lemma card_minus_offline_le_sum_eig:
  fixes A :: "(real^'n) set"
  assumes A: "finite A" and p: "p \<in> prob_simplex A" and poff: "poff \<in> prob_simplex A"
    and \<alpha>: "0 \<le> \<alpha>" "\<alpha> < 1" and inv: "invertible (Vmat A (mix \<alpha> p poff))"
    and L: "0 < L" "\<And>a. a \<in> A \<Longrightarrow> (norm a)\<^sup>2 \<le> L"
  shows "real CARD('n) - \<alpha> * (\<Sum>a\<in>A. poff a * wnorm2 a (matrix_inv (Vmat A (mix \<alpha> p poff))))
    \<le> (\<Sum>k=1..CARD('n). (1 - \<alpha>) * L / ((1 - \<alpha>) * L + \<alpha> * eig (Vmat A poff) k))"
proof -
  define X where "X = matrix_inv (Vmat A (mix \<alpha> p poff))"
  obtain v \<mu> where eb: "orthonormal_eigenbasis (Vmat A poff) v \<mu>"
    using symmetric_matrix_orthonormal_eigenbasis[OF transpose_Vmat] by blast
  define \<kappa> where "\<kappa> j = (1 - \<alpha>) * L + \<alpha> * \<mu> j" for j
  have vj: "v j \<bullet> v j = 1" "Vmat A poff *v v j = \<mu> j *\<^sub>R v j" for j
    using eb unfolding orthonormal_eigenbasis_def by auto
  have \<mu>_nonneg: "0 \<le> \<mu> j" for j
    using Vmat_nonneg[of A poff "v j"] vj[of j] poff by (simp add: prob_simplex_nonneg)
  then have \<kappa>_pos: "0 < \<kappa> j" for j unfolding \<kappa>_def using \<alpha> L(1) by (simp add: add_pos_nonneg)
  have "\<mu> j / \<kappa> j \<le> \<mu> j * wnorm2 (v j) X" for j
    using wnorm2_inverse_mix_eigenvector_ge[OF p _ _ _ inv L(2) vj \<kappa>_pos[unfolded \<kappa>_def]] poff \<alpha>
      mult_left_mono[OF _ \<mu>_nonneg[of j]]
    unfolding X_def \<kappa>_def by (fastforce simp: prob_simplex_nonneg)
  then have "(\<Sum>j\<in>UNIV. \<mu> j / \<kappa> j) \<le> trace (X ** Vmat A poff)"
    unfolding trace_mult_orthonormal_eigenbasis[OF eb] by (rule sum_mono)
  also have "\<dots> = (\<Sum>a\<in>A. poff a * wnorm2 a X)" by (rule trace_mult_Vmat[OF A])
  finally have "real CARD('n) - \<alpha> * (\<Sum>a\<in>A. poff a * wnorm2 a X)
      \<le> real CARD('n) - \<alpha> * (\<Sum>j\<in>UNIV. \<mu> j / \<kappa> j)"
    using \<alpha> by (simp add: mult_left_mono)
  also have "\<dots> = (\<Sum>j\<in>UNIV. 1 - \<alpha> * (\<mu> j / \<kappa> j))"
    by (simp add: sum_subtractf sum_distrib_left)
  also have "\<dots> = (\<Sum>j\<in>UNIV. (1 - \<alpha>) * L / \<kappa> j)"
  proof (intro sum.cong refl)
    fix j
    show "1 - \<alpha> * (\<mu> j / \<kappa> j) = (1 - \<alpha>) * L / \<kappa> j"
      using \<kappa>_pos[of j] unfolding \<kappa>_def by (simp add: field_simps)
  qed
  also have "\<dots> = (\<Sum>k=1..CARD('n). (1 - \<alpha>) * L / ((1 - \<alpha>) * L + \<alpha> * eig (Vmat A poff) k))"
    unfolding \<kappa>_def by (rule sum_eig_orthonormal_eigenbasis[OF eb, symmetric])
  finally show ?thesis unfolding X_def .
qed

lemma wnorm2_inverse_mix_le:
  fixes A :: "(real^'n) set"
  assumes \<alpha>: "0 < \<alpha>" "\<alpha> \<le> 1" and p: "\<And>b. 0 \<le> p b" and q: "\<And>b. 0 \<le> q b"
    and inv: "invertible (Vmat A (mix \<alpha> p q))" and invq: "invertible (Vmat A q)"
  shows "\<alpha> * wnorm2 a (matrix_inv (Vmat A (mix \<alpha> p q))) \<le> wnorm2 a (matrix_inv (Vmat A q))"
proof -
  have "wnorm2 a (matrix_inv (Vmat A (mix \<alpha> p q))) \<le> a \<bullet> ((inverse \<alpha> *\<^sub>R matrix_inv (Vmat A q)) *v a)"
    unfolding wnorm2_def
  proof (rule inverse_quadratic_form_antimono[of "\<alpha> *\<^sub>R Vmat A q"])
    show "transpose (\<alpha> *\<^sub>R Vmat A q) = \<alpha> *\<^sub>R Vmat A q" by (simp add: transpose_scalar transpose_Vmat)
    show "0 \<le> z \<bullet> ((\<alpha> *\<^sub>R Vmat A q) *v z)" for z
      using Vmat_nonneg[of A q z] q \<alpha> by (simp flip: scaleR_matrix_vector_assoc)
    show "(\<alpha> *\<^sub>R Vmat A q) ** (inverse \<alpha> *\<^sub>R matrix_inv (Vmat A q)) = mat 1"
      using matrix_inv_right[OF invq] \<alpha> by (simp add: matrix_scalar_ac flip: scalar_matrix_assoc)
    show "Vmat A (mix \<alpha> p q) ** matrix_inv (Vmat A (mix \<alpha> p q)) = mat 1" by (rule matrix_inv_right[OF inv])
    show "z \<bullet> ((\<alpha> *\<^sub>R Vmat A q) *v z) \<le> z \<bullet> (Vmat A (mix \<alpha> p q) *v z)" for z
      using Vmat_nonneg[of A p z] p \<alpha> unfolding quadratic_form_Vmat_mix
      by (simp flip: scaleR_matrix_vector_assoc)
  qed
  then show ?thesis using \<alpha> unfolding wnorm2_def by (simp add: field_simps flip: scaleR_matrix_vector_assoc)
qed

lemma mixed_gfun_le_offline_gfun:
  fixes A Al :: "(real^'n) set"
  assumes A: "finite A" "Al \<subseteq> A" "Al \<noteq> {}" and \<alpha>: "0 < \<alpha>" "\<alpha> \<le> 1"
    and p: "p \<in> prob_simplex Al" and poff: "poff \<in> prob_simplex A"
    and inv: "invertible (Vmat A (mix \<alpha> p poff))" and inv_off: "invertible (Vmat A poff)"
  shows "\<alpha> * gfun A Al (mix \<alpha> p poff) \<le> gfun A A poff"
proof -
  have "finite Al" using A finite_subset by blast
  then have "gfun A Al (mix \<alpha> p poff) \<in> (\<lambda>a. wnorm2 a (matrix_inv (Vmat A (mix \<alpha> p poff)))) ` Al"
    unfolding gfun_def using A(3) by (intro Max_in) auto
  then obtain a where "a \<in> Al"
    and g: "gfun A Al (mix \<alpha> p poff) = wnorm2 a (matrix_inv (Vmat A (mix \<alpha> p poff)))"
    by blast
  have "\<alpha> * gfun A Al (mix \<alpha> p poff) \<le> wnorm2 a (matrix_inv (Vmat A poff))"
    unfolding g using \<alpha> p poff inv inv_off
    by (intro wnorm2_inverse_mix_le) (auto simp: prob_simplex_nonneg)
  also have "\<dots> \<le> gfun A A poff" unfolding gfun_def using A \<open>a \<in> Al\<close> by (intro Max_ge) auto
  finally show ?thesis .
qed

lemma Max_norm_sq_pos:
  fixes A :: "(real^'n) set"
  assumes "finite A" "span A = UNIV"
  shows "0 < Max ((\<lambda>a. (norm a)\<^sup>2) ` A)"
proof -
  obtain a where "a \<in> A" "a \<noteq> 0"
  proof (rule ccontr)
    assume "\<not> thesis"
    then have "A \<subseteq> {0}" using that by blast
    then have "span A \<subseteq> {0}" by (metis span_empty span_insert_0 span_mono subset_singletonD)
    moreover have "axis undefined 1 \<noteq> (0 :: real^'n)" by (simp add: axis_eq_0_iff)
    ultimately show False using assms(2) by auto
  qed
  then have "0 < (norm a)\<^sup>2" by simp
  also have "\<dots> \<le> Max ((\<lambda>a. (norm a)\<^sup>2) ` A)" using \<open>a \<in> A\<close> assms(1) by (intro Max_ge) auto
  finally show ?thesis .
qed

lemma mix_weight_ratio_eq_inverse:
  fixes T Toff L m :: real
  assumes "0 < T" "0 \<le> Toff" "0 < L"
  shows "(1 - Toff / (Toff + T)) * L / ((1 - Toff / (Toff + T)) * L + Toff / (Toff + T) * m)
    = inverse (1 + Toff / T * m / L)"
proof -
  have s: "0 < Toff + T" using assms by simp
  then have "1 - Toff / (Toff + T) = T / (Toff + T)" by (simp add: field_simps)
  then have "(1 - Toff / (Toff + T)) * L / ((1 - Toff / (Toff + T)) * L + Toff / (Toff + T) * m)
     = (T * L) / (T * L + Toff * m)"
    using s by (simp add: add_divide_distrib[symmetric] times_divide_eq_left)
  also have "\<dots> = inverse (1 + Toff / T * m / L)" using assms by (simp add: field_simps inverse_eq_divide)
  finally show ?thesis .
qed

lemma mix_weight_odds:
  fixes T Toff :: real
  assumes "0 < T" "0 < Toff"
  shows "(1 - Toff / (Toff + T)) / (Toff / (Toff + T)) = T / Toff"
proof -
  have s: "0 < Toff + T" using assms by simp
  then have "1 - Toff / (Toff + T) = T / (Toff + T)" by (simp add: field_simps)
  then show ?thesis using s by simp
qed

lemma mixed_gfun_le_d_eff:
  fixes A Al :: "(real^'n) set"
  assumes A: "finite A" "span A = UNIV" "Al \<subseteq> A" "Al \<noteq> {}"
    and poff: "poff \<in> prob_simplex A" and p: "p \<in> prob_simplex Al"
    and T: "T \<ge> 1" and \<alpha>: "\<alpha> = real Toff / (real Toff + real T)"
    and inv: "invertible (Vmat A (mix \<alpha> p poff))"
    and card_eq: "real CARD('n) = (1 - \<alpha>) * gfun A Al (mix \<alpha> p poff)
           + \<alpha> * (\<Sum>a\<in>A. poff a * wnorm2 a (matrix_inv (Vmat A (mix \<alpha> p poff))))"
  shows "ereal ((1 - \<alpha>) * gfun A Al (mix \<alpha> p poff)) \<le> d_eff A poff T Toff"
proof -
  define L where "L = Max ((\<lambda>a. (norm a)\<^sup>2) ` A)"
  have "0 < L" unfolding L_def by (rule Max_norm_sq_pos[OF A(1,2)])
  have "0 \<le> \<alpha>" "\<alpha> < 1" using T unfolding \<alpha> by auto
  have "(1 - \<alpha>) * gfun A Al (mix \<alpha> p poff)
      \<le> (\<Sum>k=1..CARD('n). (1 - \<alpha>) * L / ((1 - \<alpha>) * L + \<alpha> * eig (Vmat A poff) k))"
    using card_minus_offline_le_sum_eig[OF A(1) prob_simplex_mono[OF A(1,3) p] poff \<open>0 \<le> \<alpha>\<close> \<open>\<alpha> < 1\<close> inv \<open>0 < L\<close>]
      card_eq unfolding L_def by (force intro: Max_ge A(1))
  also have "\<dots> = (\<Sum>k=1..CARD('n). inverse (1 + (real Toff / real T) * eig (Vmat A poff) k / L))"
    unfolding \<alpha> using T \<open>0 < L\<close> by (intro sum.cong[OF refl] mix_weight_ratio_eq_inverse) auto
  finally have eig_bound: "(1 - \<alpha>) * gfun A Al (mix \<alpha> p poff) \<le> \<dots>" .
  have "(1 - \<alpha>) * gfun A Al (mix \<alpha> p poff) \<le> real T / real Toff * gfun A A poff"
    if "0 < Toff" "invertible (Vmat A poff)"
  proof -
    have "0 < \<alpha>" using that T unfolding \<alpha> by simp
    have "(1 - \<alpha>) * gfun A Al (mix \<alpha> p poff) = (1 - \<alpha>) / \<alpha> * (\<alpha> * gfun A Al (mix \<alpha> p poff))"
      using \<open>0 < \<alpha>\<close> by simp
    also have "\<dots> \<le> (1 - \<alpha>) / \<alpha> * gfun A A poff"
      using mixed_gfun_le_offline_gfun[OF A(1,3,4) \<open>0 < \<alpha>\<close> _ p poff inv that(2)] \<open>0 < \<alpha>\<close> \<open>\<alpha> < 1\<close>
      by (intro mult_left_mono) auto
    also have "(1 - \<alpha>) / \<alpha> = real T / real Toff"
      unfolding \<alpha> using T that(1) by (intro mix_weight_odds) auto
    finally show ?thesis .
  qed
  then show ?thesis using eig_bound unfolding d_eff_def L_def by auto
qed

▶ WORK REQUEST: Within the listing above, locate the line containing "q) ** (inverse" and the line containing "unfolding gfun_def using A(3)". Reproduce those two lines and all lines between them exactly, with nothing added.

▶ RESPONSE TO THE EXERCISE:
    show "(\<alpha> *\<^sub>R Vmat A q) ** (inverse \<alpha> *\<^sub>R matrix_inv (Vmat A q)) = mat 1"
      using matrix_inv_right[OF invq] \<alpha> by (simp add: matrix_scalar_ac flip: scalar_matrix_assoc)
    show "Vmat A (mix \<alpha> p q) ** matrix_inv (Vmat A (mix \<alpha> p q)) = mat 1" by (rule matrix_inv_right[OF inv])
    show "z \<bullet> ((\<alpha> *\<^sub>R Vmat A q) *v z) \<le> z \<bullet> (Vmat A (mix \<alpha> p q) *v z)" for z
      using Vmat_nonneg[of A p z] p \<alpha> unfolding quadratic_form_Vmat_mix
      by (simp flip: scaleR_matrix_vector_assoc)
  qed
  then show ?thesis using \<alpha> unfolding wnorm2_def by (simp add: field_simps flip: scaleR_matrix_vector_assoc)
qed

lemma mixed_gfun_le_offline_gfun:
  fixes A Al :: "(real^'n) set"
  assumes A: "finite A" "Al \<subseteq> A" "Al \<noteq> {}" and \<alpha>: "0 < \<alpha>" "\<alpha> \<le> 1"
    and p: "p \<in> prob_simplex Al" and poff: "poff \<in> prob_simplex A"
    and inv: "invertible (Vmat A (mix \<alpha> p poff))" and inv_off: "invertible (Vmat A poff)"
  shows "\<alpha> * gfun A Al (mix \<alpha> p poff) \<le> gfun A A poff"
proof -
  have "finite Al" using A finite_subset by blast
  then have "gfun A Al (mix \<alpha> p poff) \<in> (\<lambda>a. wnorm2 a (matrix_inv (Vmat A (mix \<alpha> p poff)))) ` Al"
    unfolding gfun_def using A(3) by (intro Max_in) auto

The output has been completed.